Stored data
=== Section Start ===

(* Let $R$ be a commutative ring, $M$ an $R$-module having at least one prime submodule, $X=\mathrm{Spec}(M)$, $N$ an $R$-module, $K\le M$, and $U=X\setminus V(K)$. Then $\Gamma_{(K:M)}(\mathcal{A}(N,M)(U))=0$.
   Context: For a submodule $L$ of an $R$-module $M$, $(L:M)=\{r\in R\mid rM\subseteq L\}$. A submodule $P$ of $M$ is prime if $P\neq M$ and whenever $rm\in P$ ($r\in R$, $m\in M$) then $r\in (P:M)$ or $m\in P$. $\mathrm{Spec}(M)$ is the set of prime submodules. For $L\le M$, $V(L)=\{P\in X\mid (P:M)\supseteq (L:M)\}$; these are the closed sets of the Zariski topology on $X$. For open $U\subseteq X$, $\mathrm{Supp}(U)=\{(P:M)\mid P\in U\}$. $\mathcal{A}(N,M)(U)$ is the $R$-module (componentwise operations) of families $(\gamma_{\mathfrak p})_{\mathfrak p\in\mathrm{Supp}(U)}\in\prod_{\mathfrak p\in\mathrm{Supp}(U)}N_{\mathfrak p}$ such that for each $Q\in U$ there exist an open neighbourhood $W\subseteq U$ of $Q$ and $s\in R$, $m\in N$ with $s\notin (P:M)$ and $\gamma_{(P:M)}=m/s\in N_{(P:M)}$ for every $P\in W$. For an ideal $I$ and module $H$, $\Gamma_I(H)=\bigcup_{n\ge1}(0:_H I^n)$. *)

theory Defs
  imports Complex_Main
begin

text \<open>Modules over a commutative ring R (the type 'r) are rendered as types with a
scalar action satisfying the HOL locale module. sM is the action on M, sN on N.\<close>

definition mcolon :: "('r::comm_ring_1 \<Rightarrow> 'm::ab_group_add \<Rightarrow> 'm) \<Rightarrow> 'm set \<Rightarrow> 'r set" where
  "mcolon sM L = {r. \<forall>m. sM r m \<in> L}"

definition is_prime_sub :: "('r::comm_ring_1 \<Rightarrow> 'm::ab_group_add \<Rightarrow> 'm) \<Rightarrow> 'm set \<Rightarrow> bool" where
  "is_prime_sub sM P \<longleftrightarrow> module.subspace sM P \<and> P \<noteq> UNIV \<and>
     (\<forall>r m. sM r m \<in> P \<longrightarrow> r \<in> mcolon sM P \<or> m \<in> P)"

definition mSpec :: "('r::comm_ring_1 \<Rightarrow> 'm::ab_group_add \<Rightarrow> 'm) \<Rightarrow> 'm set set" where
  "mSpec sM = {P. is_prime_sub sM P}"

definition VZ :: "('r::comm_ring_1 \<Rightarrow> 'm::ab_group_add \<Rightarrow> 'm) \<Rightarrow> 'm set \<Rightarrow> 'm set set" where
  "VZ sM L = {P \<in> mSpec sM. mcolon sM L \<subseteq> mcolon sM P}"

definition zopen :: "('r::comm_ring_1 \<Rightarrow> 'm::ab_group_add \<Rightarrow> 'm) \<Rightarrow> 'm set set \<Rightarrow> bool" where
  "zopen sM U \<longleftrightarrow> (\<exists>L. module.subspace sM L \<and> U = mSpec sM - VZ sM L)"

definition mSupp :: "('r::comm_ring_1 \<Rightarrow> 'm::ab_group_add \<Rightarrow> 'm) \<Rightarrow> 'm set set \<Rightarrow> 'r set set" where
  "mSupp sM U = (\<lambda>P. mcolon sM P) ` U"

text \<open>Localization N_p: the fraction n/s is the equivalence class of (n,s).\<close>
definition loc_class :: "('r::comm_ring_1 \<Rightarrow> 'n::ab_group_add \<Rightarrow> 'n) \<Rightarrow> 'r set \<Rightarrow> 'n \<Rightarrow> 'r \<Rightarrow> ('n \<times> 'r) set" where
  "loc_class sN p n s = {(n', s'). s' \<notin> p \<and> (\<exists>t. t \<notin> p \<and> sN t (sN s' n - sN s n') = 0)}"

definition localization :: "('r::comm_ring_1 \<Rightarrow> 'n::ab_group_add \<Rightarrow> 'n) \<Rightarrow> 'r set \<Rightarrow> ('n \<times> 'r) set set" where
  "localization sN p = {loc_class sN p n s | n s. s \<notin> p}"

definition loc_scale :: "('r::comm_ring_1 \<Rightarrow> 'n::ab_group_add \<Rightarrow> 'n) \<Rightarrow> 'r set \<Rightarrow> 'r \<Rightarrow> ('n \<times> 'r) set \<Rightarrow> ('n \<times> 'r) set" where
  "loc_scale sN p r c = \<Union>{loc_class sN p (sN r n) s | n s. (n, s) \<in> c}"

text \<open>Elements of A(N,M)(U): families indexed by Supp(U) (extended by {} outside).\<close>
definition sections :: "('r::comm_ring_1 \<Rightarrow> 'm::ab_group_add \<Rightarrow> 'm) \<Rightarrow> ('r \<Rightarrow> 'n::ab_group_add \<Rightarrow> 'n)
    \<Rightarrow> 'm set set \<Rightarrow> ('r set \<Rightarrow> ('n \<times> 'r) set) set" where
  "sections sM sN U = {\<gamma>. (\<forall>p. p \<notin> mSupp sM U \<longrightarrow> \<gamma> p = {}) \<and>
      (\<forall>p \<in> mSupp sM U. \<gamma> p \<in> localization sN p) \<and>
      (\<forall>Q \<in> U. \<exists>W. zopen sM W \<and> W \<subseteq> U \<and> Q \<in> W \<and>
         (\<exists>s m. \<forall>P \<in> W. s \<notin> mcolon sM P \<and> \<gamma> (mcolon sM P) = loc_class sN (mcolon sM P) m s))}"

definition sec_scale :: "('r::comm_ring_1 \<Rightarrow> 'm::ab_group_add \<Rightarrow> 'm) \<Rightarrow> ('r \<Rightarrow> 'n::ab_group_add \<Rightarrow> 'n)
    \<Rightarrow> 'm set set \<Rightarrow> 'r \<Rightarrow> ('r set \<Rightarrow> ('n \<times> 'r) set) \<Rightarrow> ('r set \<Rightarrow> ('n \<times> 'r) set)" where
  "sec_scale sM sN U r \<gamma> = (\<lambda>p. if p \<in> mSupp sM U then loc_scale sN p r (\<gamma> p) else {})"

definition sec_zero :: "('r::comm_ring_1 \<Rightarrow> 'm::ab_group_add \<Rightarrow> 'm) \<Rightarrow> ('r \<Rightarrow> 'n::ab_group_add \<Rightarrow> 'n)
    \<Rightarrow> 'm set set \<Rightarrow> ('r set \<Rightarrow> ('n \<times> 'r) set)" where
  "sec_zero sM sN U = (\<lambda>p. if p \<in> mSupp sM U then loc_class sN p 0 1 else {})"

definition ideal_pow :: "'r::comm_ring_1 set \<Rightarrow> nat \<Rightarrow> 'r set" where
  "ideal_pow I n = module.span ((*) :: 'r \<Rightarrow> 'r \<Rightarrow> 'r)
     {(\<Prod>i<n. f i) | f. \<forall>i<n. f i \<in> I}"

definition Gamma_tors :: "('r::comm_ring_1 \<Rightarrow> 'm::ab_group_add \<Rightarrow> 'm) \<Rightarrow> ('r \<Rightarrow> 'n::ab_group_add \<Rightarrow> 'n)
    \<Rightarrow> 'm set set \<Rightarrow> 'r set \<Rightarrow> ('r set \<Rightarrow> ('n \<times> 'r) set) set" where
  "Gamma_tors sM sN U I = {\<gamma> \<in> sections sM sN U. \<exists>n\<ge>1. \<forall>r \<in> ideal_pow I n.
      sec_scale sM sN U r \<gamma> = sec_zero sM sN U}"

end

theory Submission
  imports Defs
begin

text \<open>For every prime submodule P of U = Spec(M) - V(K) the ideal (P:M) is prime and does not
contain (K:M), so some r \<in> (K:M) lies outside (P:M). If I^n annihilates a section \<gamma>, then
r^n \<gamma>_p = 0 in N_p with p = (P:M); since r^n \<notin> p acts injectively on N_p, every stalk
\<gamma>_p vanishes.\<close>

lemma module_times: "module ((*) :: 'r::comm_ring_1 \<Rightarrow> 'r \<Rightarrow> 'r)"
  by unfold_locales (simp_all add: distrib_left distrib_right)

=== Section End ===
=== Section Start ===

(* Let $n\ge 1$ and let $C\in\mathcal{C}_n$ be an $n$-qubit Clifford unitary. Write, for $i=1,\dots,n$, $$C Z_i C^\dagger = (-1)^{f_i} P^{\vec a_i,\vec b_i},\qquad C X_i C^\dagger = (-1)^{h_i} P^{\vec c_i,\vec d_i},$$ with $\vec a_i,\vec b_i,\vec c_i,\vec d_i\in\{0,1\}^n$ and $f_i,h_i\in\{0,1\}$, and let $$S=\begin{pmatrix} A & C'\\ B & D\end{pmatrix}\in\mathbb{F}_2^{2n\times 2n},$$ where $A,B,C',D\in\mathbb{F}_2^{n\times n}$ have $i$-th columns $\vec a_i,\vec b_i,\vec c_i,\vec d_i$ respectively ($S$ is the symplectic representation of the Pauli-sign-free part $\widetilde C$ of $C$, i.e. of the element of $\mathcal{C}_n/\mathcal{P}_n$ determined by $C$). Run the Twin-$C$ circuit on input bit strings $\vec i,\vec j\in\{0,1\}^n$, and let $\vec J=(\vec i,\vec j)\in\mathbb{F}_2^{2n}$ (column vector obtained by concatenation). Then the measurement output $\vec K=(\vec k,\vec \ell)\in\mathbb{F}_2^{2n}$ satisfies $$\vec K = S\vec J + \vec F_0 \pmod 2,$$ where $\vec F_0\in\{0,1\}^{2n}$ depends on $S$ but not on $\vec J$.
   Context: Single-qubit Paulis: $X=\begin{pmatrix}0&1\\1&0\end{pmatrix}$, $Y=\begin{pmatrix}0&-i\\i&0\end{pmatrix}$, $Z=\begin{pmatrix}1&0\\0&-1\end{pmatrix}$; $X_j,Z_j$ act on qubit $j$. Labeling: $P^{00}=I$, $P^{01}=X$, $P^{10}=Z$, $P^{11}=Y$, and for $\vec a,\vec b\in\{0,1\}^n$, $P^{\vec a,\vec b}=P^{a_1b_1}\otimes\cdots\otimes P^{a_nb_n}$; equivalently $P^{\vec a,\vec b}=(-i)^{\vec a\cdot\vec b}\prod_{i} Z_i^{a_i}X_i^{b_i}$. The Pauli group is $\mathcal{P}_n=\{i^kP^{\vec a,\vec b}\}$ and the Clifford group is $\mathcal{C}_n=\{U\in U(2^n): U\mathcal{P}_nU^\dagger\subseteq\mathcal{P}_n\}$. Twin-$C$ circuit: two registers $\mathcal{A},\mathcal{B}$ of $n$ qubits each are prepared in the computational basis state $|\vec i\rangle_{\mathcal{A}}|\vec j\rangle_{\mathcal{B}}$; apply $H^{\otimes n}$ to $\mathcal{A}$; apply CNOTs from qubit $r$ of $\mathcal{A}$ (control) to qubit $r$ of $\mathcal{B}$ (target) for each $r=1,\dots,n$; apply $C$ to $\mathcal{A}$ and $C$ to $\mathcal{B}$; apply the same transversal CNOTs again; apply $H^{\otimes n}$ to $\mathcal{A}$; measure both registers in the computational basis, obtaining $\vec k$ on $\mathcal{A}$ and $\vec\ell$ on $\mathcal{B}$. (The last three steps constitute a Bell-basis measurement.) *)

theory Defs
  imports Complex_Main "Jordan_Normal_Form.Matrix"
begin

=== Section End ===
=== Section Start ===

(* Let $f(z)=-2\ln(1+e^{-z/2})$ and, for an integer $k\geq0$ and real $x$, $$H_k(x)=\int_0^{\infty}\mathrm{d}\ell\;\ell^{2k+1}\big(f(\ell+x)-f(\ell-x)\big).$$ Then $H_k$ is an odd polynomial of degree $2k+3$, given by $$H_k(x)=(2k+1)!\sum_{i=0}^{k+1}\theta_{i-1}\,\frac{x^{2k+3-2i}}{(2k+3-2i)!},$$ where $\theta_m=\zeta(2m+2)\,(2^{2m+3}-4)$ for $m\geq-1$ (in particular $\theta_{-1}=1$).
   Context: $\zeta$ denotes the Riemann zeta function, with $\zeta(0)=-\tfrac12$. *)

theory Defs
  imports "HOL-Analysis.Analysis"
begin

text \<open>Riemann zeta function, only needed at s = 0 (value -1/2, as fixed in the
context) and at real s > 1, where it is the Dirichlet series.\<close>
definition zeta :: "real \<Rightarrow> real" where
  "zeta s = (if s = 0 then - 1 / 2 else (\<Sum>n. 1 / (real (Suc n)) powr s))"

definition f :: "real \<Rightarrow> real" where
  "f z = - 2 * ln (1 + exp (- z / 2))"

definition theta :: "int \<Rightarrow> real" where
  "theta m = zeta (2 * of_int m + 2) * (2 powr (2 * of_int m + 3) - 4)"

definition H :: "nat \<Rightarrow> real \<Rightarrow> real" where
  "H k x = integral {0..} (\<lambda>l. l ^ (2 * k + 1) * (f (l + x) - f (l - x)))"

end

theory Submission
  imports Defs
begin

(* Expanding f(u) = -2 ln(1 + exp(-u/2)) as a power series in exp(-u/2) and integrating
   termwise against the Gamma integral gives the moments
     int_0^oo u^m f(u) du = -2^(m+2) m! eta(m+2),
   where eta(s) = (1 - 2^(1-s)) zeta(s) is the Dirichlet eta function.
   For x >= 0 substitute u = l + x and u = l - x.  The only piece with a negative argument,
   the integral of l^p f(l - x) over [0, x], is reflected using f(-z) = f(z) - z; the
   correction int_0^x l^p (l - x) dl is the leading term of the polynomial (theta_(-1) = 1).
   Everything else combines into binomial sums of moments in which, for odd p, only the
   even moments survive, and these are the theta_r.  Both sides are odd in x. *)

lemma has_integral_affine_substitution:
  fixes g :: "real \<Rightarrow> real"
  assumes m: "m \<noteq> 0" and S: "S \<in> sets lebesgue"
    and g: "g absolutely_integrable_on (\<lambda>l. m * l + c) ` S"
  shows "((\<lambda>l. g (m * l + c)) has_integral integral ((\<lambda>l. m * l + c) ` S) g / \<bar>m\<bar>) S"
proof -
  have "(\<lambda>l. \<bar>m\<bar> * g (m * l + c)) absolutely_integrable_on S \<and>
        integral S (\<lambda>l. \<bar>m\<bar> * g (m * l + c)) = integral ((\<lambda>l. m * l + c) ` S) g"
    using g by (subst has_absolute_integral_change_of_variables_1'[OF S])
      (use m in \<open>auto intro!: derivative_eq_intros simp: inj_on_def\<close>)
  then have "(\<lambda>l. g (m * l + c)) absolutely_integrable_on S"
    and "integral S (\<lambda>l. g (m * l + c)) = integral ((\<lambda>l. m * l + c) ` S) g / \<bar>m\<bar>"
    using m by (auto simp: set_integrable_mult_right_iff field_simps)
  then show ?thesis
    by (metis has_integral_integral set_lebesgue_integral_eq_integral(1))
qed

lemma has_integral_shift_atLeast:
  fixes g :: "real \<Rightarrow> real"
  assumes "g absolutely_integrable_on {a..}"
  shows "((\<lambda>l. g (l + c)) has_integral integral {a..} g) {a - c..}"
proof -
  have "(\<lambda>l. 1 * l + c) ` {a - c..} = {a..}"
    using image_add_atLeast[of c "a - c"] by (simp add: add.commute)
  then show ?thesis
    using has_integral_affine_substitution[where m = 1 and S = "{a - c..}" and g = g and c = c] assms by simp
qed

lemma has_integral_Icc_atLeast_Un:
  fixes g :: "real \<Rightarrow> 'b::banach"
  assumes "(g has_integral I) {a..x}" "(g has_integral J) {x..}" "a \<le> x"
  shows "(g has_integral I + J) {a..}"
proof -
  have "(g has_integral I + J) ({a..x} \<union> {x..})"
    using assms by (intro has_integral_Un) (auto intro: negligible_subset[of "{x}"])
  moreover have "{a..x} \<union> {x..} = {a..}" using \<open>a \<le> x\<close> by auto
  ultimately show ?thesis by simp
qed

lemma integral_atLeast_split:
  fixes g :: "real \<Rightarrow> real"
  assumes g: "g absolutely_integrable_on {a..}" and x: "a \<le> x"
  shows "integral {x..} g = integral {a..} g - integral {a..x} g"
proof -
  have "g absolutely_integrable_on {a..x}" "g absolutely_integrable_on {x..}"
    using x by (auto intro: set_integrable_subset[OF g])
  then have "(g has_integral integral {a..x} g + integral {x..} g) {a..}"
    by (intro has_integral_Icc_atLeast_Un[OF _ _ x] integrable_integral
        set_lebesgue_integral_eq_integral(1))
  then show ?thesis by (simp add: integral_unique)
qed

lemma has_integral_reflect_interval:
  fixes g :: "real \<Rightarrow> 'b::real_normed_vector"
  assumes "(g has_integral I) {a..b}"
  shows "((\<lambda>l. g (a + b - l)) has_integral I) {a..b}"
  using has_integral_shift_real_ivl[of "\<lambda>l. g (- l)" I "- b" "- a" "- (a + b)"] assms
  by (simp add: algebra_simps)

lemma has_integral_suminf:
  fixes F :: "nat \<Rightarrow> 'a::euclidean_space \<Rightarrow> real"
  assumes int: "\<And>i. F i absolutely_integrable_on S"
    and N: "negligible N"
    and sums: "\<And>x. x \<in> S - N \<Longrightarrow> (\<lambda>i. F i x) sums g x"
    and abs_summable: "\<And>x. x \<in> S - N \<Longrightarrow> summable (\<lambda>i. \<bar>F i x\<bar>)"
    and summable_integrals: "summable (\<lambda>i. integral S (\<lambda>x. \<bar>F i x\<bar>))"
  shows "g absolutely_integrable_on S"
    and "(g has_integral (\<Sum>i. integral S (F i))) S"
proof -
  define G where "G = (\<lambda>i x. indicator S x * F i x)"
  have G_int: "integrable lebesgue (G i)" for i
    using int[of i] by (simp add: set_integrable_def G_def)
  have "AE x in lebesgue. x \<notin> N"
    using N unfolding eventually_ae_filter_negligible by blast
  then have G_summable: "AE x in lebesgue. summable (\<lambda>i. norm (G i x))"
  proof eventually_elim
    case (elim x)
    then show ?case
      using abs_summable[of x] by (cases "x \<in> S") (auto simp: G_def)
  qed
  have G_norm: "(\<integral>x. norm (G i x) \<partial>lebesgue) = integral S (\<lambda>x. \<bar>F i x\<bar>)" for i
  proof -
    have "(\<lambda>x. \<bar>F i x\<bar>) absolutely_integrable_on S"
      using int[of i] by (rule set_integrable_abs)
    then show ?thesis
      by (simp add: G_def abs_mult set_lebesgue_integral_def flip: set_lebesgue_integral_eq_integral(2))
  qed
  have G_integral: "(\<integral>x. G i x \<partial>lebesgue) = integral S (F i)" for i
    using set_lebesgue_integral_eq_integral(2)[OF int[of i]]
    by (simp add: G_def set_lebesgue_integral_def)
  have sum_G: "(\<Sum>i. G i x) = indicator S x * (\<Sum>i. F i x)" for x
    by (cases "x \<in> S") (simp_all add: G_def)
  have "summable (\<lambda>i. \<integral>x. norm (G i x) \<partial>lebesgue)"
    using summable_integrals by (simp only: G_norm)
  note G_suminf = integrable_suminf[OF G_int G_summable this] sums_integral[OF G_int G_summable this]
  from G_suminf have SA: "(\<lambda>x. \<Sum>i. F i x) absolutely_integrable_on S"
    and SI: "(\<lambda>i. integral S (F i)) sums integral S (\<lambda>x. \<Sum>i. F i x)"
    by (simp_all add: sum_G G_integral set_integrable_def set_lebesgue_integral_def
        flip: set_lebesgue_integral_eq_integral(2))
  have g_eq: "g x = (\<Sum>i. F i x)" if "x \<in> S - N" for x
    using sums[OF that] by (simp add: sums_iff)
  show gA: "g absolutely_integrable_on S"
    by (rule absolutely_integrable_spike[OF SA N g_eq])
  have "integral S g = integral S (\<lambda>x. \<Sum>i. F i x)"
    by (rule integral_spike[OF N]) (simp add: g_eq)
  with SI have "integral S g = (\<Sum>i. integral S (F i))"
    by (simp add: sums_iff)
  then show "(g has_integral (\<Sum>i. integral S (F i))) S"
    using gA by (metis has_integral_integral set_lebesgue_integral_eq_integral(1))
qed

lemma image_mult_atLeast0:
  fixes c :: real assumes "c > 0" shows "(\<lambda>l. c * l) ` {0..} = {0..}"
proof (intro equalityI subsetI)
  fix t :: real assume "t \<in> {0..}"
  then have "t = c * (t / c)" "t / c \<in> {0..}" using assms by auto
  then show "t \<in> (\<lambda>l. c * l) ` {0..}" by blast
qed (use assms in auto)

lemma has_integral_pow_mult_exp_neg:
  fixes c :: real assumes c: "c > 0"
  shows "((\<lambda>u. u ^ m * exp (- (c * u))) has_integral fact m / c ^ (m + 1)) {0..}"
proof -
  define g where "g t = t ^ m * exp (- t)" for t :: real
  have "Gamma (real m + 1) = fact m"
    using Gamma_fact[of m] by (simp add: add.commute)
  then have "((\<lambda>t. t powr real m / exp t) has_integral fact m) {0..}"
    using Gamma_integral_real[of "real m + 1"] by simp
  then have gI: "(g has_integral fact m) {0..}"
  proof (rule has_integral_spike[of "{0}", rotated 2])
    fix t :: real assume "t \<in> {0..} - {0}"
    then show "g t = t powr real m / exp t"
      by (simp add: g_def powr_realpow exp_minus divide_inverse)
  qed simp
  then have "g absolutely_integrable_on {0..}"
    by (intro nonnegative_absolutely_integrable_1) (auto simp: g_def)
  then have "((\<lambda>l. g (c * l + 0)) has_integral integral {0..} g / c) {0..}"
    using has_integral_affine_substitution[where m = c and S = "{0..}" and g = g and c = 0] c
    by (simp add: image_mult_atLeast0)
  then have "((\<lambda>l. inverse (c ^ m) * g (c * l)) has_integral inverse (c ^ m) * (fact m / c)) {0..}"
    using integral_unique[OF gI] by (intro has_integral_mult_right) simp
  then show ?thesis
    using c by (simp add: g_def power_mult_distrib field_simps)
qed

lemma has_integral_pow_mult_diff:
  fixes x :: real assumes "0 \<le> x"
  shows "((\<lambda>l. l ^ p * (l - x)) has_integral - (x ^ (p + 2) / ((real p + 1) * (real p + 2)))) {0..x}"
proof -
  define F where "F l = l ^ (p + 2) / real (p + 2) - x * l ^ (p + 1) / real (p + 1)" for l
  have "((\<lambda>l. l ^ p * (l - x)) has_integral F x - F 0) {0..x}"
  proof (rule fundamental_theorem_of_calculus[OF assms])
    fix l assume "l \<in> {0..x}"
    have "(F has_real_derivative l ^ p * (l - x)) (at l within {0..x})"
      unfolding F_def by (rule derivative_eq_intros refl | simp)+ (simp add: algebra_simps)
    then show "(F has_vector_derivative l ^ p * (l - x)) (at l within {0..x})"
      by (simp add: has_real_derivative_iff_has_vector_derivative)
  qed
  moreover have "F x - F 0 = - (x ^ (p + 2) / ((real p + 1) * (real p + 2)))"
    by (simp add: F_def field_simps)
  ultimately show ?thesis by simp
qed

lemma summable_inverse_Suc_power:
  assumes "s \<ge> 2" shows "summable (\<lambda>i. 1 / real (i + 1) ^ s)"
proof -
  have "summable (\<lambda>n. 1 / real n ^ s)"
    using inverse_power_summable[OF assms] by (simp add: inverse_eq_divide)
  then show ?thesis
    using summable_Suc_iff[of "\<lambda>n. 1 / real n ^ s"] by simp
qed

=== Section End ===

What is needed
Out of the records above, pick each line that contains the string "metis".

Answer section
    by (metis has_integral_integral set_lebesgue_integral_eq_integral(1))
    using gA by (metis has_integral_integral set_lebesgue_integral_eq_integral(1))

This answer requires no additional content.